Secure Addition and Voting

[table of contents]

Let us first look at a simple special case, namely where each x_i is a natural number, and f(x_1,\ldots,x_n) = \sum_{i=1}^n x_i. Secure computation of even such a simple function can have very meaningful applications. Consider the case where \mathsf{P}_1, \ldots,\mathsf{P}_n want to vote on some yes/no decision. Then we can let x_i represent the vote of \mathsf{P}_i where x_i=0 means “no” and x_i=1 means “yes”. If we can compute the sum of the x_i securely, this exactly means we get a way to vote with the properties we usually expect: the result \sum_{i=1}^n x_i is indeed the result of the vote, namely the number of yes-votes. Moreover, if the computation is secure, no information is leaked other than \sum_{i=1}^n x_i, in particular, no information is revealed on how a particular player voted.

We will now design a protocol for the voting application. To be consistent with the next example we give, we set n=3. A simple mental exercise will allow the reader to extend to a voting solution for any n.

Secret Sharing

Before we can solve the problem, we need to look at an important tool known as secret sharing. The term may seem self-contradictory at first sight: how can anything be secret if you share it with others? Nevertheless, the name makes good sense: the point is that secret sharing provides a way for a party, say \mathsf{P}_1, to spread information on a secret number x across all the players, such that they together hold full information on x, yet no player has any information on x.

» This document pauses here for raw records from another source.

section \<open>Column-sum ratios converge to the Perron--Frobenius eigenvalue\<close>

lemma weighted_average_bounds:
  fixes x a :: "'a::finite \<Rightarrow> real"
  assumes a: "\<And>l. 0 \<le> a l" and ga: "\<And>l. g * sum a UNIV \<le> a l"
    and x: "\<And>l. lo \<le> x l \<and> x l \<le> hi" and l1: "x l1 = lo" and l2: "x l2 = hi"
  shows "(lo + g * (hi - lo)) * sum a UNIV \<le> (\<Sum>l\<in>UNIV. x l * a l)"
    and "(\<Sum>l\<in>UNIV. x l * a l) \<le> (hi - g * (hi - lo)) * sum a UNIV"
proof -
  have "lo \<le> hi" using x[of l1] by simp
  then have "(hi - lo) * (g * sum a UNIV) \<le> (hi - lo) * a l" for l
    using ga[of l] by (intro mult_left_mono) auto
  then have gap: "g * (hi - lo) * sum a UNIV \<le> (hi - lo) * a l" for l
    by (simp add: ac_simps)
  have "(x l2 - lo) * a l2 \<le> (\<Sum>l\<in>UNIV. (x l - lo) * a l)"
    by (rule member_le_sum) (use a x in auto)
  moreover have "(\<Sum>l\<in>UNIV. x l * a l) = lo * sum a UNIV + (\<Sum>l\<in>UNIV. (x l - lo) * a l)"
    by (simp add: sum_distrib_left left_diff_distrib sum_subtractf)
  ultimately show "(lo + g * (hi - lo)) * sum a UNIV \<le> (\<Sum>l\<in>UNIV. x l * a l)"
    using gap[of l2] l2 by (simp add: distrib_right)
  have "(hi - x l1) * a l1 \<le> (\<Sum>l\<in>UNIV. (hi - x l) * a l)"
    by (rule member_le_sum) (use a x in auto)
  moreover have "(\<Sum>l\<in>UNIV. x l * a l) = hi * sum a UNIV - (\<Sum>l\<in>UNIV. (hi - x l) * a l)"
    by (simp add: sum_distrib_left left_diff_distrib sum_subtractf)
  ultimately show "(\<Sum>l\<in>UNIV. x l * a l) \<le> (hi - g * (hi - lo)) * sum a UNIV"
    using gap[of l1] l1 by (simp add: left_diff_distrib)
qed

definition col_ratio :: "('a::finite \<Rightarrow> 'a \<Rightarrow> nat) \<Rightarrow> nat \<Rightarrow> 'a \<Rightarrow> real" where
  "col_ratio M k c = colsum M (Suc k) c / colsum M k c"

definition ratio_spread :: "('a::finite \<Rightarrow> 'a \<Rightarrow> nat) \<Rightarrow> nat \<Rightarrow> real" where
  "ratio_spread M k = Max (range (col_ratio M k)) - Min (range (col_ratio M k))"

lemma col_ratio_weighted_bounds:
  fixes M :: "'a::finite \<Rightarrow> 'a \<Rightarrow> nat" and k :: nat
  defines "lo \<equiv> Min (range (col_ratio M k))" and "hi \<equiv> Max (range (col_ratio M k))"
  assumes prim: "primitive_matrix M"
    and weights: "\<And>l. g * colsum M (k + j) c \<le> colsum M k l * real (mat_pow M j l c)"
  shows "lo + g * (hi - lo) \<le> col_ratio M (k + j) c \<and> col_ratio M (k + j) c \<le> hi - g * (hi - lo)"
proof -
  define a where "a l = colsum M k l * real (mat_pow M j l c)" for l
  have S: "sum a UNIV = colsum M (k + j) c"
    by (simp add: a_def colsum_add)
  have "colsum M (Suc k) l = col_ratio M k l * colsum M k l" for l
    using colsum_pos[OF prim, of k l] by (simp add: col_ratio_def)
  then have num: "colsum M (Suc (k + j)) c = (\<Sum>l\<in>UNIV. col_ratio M k l * a l)"
    using colsum_add[of M "Suc k" j c] by (simp add: a_def mult.assoc)
  have "lo \<in> range (col_ratio M k)" "hi \<in> range (col_ratio M k)"
    unfolding lo_def hi_def by (auto intro: Min_in Max_in)
  then obtain l1 l2 where l1: "col_ratio M k l1 = lo" and l2: "col_ratio M k l2 = hi"
    by blast
  have "lo \<le> col_ratio M k l \<and> col_ratio M k l \<le> hi" for l
    unfolding lo_def hi_def by simp
  moreover have "0 \<le> a l" for l
    using colsum_pos[OF prim, of k l] by (simp add: a_def)
  moreover have "g * sum a UNIV \<le> a l" for l
    using weights[of l] unfolding S by (simp add: a_def)
  ultimately have "(lo + g * (hi - lo)) * sum a UNIV \<le> colsum M (Suc (k + j)) c"
    and "colsum M (Suc (k + j)) c \<le> (hi - g * (hi - lo)) * sum a UNIV"
    using weighted_average_bounds[of a g lo "col_ratio M k" hi, OF _ _ _ l1 l2] num by auto
  moreover have "sum a UNIV > 0"
    using S colsum_pos[OF prim] by simp
  ultimately show ?thesis
    by (simp add: col_ratio_def S le_divide_eq divide_le_eq)
qed

lemma colsum_comparable:
  assumes "\<And>l c. 1 \<le> real (mat_pow M p l c) \<and> real (mat_pow M p l c) \<le> q"
  shows "(\<Sum>d\<in>UNIV. colsum M i d) \<le> colsum M (i + p) l \<and> colsum M (i + p) l \<le> q * (\<Sum>d\<in>UNIV. colsum M i d)"
proof -
  have "colsum M (i + p) l = (\<Sum>d\<in>UNIV. colsum M i d * real (mat_pow M p d l))"
    by (rule colsum_add)
  moreover have "(\<Sum>d\<in>UNIV. colsum M i d * 1) \<le> (\<Sum>d\<in>UNIV. colsum M i d * real (mat_pow M p d l))"
    and "(\<Sum>d\<in>UNIV. colsum M i d * real (mat_pow M p d l)) \<le> (\<Sum>d\<in>UNIV. colsum M i d * q)"
    using assms by (intro sum_mono mult_left_mono; simp add: colsum_nonneg)+
  ultimately show ?thesis by (simp add: sum_distrib_left mult.commute)
qed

First, we choose a prime p, and we define \mathbb{Z}_p as \mathbb{Z}_p= \{ 0,1,..., p-1\} In the following, we will think of the secret x as a number in \mathbb{Z}_p.

In order to share the secret s, \mathsf{P}_1 chooses numbers r_{1}, r_{2} uniformly at random in \mathbb{Z}_p, and sets

r_{3}= x- r_{1} - r_{2} \bmod p .

Put another way: he chooses r_{1},r_{2},r_{3} randomly from \mathbb{Z}_p subject to the constraint that x= r_{1}+r_{2}+r_{3}\bmod p. Recall that a+b \bmod p means that you add a and b and then substract (or add) $p$ as many times as you need to end up in the interval 0, \ldots, p-1 again. For instance 7 + 5 \bmod 10 = 12 \bmod 10 = 2.

Note that this way of choosing r_1, r_2, r_3 means that each of the three numbers is uniformly chosen in \mathbb{Z}_p: for each of them, all values in \mathbb{Z}_p are possible and equally likely. Now \mathsf{P}_1 sends privately r_{1}, r_{3} to \mathsf{P}_2, r_{1}, r_{2} to \mathsf{P}_3, and keeps r_{2}, r_{3} himself. The r_{j}‘s are called the shares of the secret x.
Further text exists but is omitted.